#### Data section
○ ○ ○ ○

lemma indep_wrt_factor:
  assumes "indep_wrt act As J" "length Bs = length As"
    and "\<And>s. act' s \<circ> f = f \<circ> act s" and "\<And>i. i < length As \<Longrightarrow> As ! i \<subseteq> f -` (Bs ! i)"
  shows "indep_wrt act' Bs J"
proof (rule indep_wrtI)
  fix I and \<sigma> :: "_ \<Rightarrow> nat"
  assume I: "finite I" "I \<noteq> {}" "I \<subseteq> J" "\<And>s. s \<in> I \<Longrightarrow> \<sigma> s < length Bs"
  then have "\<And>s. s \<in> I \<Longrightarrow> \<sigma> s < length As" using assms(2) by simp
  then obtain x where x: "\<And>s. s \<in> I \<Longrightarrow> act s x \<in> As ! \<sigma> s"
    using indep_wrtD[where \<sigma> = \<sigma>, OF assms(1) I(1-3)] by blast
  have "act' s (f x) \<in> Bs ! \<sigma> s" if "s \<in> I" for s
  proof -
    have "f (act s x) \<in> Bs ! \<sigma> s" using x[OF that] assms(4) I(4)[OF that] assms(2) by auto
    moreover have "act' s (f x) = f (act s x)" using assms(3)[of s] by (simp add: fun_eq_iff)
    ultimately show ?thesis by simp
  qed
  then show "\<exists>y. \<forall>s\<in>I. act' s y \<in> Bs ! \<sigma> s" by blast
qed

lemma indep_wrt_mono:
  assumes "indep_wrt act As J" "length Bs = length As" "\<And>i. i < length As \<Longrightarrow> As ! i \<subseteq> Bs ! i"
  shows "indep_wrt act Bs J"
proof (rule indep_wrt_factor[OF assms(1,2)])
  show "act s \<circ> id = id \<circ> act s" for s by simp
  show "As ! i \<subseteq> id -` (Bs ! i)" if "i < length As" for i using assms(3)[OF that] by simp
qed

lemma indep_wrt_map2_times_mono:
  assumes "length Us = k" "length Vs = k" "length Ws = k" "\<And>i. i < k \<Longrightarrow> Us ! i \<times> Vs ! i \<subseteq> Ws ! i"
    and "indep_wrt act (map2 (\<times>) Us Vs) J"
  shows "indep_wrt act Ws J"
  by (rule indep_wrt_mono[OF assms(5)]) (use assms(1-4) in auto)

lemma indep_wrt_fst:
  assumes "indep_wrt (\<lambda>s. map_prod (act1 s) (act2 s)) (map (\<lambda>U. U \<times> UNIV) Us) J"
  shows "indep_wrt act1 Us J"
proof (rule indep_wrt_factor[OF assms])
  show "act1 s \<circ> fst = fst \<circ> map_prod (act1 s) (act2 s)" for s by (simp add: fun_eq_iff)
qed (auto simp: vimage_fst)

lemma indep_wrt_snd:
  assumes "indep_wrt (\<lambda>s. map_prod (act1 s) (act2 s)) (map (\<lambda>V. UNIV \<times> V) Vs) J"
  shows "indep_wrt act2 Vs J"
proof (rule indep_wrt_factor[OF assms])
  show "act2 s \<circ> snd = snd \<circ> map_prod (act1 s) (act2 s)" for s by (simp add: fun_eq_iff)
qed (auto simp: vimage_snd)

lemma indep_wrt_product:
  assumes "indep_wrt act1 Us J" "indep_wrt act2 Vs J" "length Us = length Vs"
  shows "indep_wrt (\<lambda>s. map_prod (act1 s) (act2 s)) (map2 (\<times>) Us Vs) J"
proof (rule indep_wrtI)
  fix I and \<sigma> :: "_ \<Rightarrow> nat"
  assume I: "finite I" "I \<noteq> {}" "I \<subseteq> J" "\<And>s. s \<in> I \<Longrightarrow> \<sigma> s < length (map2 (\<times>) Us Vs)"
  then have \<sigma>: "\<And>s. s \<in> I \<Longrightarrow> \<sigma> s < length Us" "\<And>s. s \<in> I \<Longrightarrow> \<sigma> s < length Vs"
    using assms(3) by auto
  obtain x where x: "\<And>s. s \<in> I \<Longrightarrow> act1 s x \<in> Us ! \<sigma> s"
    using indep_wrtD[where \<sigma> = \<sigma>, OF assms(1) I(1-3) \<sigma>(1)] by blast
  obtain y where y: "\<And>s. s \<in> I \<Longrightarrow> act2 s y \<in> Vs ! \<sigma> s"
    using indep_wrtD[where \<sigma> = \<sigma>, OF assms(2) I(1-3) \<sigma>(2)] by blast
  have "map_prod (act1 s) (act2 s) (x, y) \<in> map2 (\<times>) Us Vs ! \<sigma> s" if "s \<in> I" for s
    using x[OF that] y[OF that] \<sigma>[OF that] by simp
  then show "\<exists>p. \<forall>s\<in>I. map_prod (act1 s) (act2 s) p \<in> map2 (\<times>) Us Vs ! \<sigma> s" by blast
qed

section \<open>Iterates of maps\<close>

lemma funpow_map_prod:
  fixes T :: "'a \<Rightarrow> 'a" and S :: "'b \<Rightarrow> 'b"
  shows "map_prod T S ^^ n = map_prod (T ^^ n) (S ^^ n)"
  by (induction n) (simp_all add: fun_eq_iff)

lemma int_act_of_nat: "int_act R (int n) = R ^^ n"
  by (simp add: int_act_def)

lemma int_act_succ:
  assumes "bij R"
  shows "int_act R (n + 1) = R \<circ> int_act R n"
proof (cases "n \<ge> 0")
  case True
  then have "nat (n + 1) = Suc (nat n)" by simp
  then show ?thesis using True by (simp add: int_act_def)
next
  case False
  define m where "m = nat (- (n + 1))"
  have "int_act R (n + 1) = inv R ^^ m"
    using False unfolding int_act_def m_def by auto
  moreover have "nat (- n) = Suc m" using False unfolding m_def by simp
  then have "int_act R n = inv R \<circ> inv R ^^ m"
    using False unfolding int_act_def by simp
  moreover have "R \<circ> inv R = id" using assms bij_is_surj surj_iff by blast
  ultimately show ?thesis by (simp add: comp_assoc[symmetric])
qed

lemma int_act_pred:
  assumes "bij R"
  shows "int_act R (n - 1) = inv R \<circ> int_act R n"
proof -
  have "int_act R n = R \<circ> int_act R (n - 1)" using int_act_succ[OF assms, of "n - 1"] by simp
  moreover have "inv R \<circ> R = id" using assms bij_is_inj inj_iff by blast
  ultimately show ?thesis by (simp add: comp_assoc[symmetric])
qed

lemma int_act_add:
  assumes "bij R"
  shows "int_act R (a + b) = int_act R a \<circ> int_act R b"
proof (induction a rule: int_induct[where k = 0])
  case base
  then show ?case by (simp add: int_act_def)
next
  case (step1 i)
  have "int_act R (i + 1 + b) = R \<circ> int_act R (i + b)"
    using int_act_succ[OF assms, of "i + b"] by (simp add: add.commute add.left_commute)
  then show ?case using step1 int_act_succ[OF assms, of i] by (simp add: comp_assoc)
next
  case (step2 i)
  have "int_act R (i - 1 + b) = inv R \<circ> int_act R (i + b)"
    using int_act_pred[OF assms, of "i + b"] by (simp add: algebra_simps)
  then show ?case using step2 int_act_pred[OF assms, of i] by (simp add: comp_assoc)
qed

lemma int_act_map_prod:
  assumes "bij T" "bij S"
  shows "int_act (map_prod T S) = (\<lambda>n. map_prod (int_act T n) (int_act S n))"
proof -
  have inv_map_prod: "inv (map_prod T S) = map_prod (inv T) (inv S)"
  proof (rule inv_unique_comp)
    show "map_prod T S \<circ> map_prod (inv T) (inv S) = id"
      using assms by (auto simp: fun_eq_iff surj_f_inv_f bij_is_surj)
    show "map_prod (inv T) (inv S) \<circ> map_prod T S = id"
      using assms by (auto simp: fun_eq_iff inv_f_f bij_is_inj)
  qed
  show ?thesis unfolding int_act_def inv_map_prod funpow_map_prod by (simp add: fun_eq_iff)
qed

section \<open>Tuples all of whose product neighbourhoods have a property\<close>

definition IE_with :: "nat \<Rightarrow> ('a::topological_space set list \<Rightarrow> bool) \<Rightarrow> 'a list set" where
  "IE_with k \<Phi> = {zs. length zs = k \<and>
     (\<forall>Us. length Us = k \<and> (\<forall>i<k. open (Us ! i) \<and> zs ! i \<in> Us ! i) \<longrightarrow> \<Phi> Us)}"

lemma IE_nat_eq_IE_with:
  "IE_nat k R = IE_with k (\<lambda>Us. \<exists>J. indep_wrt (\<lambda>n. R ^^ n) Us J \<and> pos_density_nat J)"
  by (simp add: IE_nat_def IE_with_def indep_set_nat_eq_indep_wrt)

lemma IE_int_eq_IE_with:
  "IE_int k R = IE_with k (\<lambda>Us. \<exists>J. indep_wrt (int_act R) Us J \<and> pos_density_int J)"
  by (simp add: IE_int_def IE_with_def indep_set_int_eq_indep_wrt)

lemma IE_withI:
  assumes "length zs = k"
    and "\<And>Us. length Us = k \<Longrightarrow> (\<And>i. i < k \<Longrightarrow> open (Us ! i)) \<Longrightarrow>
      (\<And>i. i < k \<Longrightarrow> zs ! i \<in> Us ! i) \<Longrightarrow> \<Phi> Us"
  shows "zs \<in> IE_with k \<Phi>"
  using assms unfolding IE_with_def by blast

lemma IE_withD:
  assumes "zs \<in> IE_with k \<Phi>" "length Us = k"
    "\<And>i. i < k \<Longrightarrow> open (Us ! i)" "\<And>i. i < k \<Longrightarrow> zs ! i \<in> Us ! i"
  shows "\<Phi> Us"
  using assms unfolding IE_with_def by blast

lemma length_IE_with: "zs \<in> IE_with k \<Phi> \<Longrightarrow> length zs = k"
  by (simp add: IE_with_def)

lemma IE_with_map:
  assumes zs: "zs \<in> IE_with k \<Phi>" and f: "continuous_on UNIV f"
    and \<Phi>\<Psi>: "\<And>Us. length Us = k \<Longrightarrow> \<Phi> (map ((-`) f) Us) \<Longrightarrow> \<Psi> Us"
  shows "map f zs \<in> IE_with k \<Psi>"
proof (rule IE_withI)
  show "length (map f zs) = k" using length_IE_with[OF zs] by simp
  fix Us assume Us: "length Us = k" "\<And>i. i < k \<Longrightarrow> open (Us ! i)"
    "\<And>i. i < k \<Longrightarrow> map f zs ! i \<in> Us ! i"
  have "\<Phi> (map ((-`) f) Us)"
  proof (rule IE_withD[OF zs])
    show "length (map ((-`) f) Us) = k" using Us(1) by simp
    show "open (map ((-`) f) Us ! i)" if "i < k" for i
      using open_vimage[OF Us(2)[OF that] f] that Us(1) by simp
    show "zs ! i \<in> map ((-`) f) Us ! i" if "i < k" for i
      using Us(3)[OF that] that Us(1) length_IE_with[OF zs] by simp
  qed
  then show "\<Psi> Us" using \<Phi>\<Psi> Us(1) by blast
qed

○ ○ ○ ○

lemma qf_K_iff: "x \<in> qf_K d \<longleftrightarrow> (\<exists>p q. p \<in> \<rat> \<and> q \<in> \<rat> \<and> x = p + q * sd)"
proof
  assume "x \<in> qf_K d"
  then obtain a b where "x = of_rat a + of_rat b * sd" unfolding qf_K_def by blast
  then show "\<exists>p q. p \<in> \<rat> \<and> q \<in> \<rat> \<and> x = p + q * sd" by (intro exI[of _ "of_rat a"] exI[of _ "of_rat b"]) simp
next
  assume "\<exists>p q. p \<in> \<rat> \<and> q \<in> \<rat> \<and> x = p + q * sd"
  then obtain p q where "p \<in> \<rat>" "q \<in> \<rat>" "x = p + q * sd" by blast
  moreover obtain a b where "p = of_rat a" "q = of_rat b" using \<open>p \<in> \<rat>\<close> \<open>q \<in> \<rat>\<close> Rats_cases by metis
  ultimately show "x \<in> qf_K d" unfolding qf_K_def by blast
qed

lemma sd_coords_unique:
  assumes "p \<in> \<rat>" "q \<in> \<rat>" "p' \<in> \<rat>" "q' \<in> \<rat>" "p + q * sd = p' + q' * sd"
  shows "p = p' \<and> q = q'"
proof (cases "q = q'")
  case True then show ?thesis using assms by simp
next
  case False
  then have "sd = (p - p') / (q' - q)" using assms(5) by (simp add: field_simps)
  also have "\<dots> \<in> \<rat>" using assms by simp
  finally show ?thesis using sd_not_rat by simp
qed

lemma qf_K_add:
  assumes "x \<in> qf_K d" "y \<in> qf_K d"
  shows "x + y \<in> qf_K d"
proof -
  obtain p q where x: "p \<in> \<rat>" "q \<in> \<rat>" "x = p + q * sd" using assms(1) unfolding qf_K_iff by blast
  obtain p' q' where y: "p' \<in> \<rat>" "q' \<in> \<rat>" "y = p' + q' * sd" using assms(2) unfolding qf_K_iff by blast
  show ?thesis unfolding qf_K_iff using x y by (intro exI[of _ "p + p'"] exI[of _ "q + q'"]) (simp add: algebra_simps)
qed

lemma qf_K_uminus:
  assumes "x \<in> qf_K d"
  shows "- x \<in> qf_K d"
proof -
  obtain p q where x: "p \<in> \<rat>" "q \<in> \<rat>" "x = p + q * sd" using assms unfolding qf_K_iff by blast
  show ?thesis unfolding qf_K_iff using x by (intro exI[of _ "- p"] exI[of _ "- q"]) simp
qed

○ ○ ○ ○

#### Required action
Which lines in the records contain the word "induction"? Copy each one.

#### Solution for this problem
  by (induction n) (simp_all add: fun_eq_iff)
proof (induction a rule: int_induct[where k = 0])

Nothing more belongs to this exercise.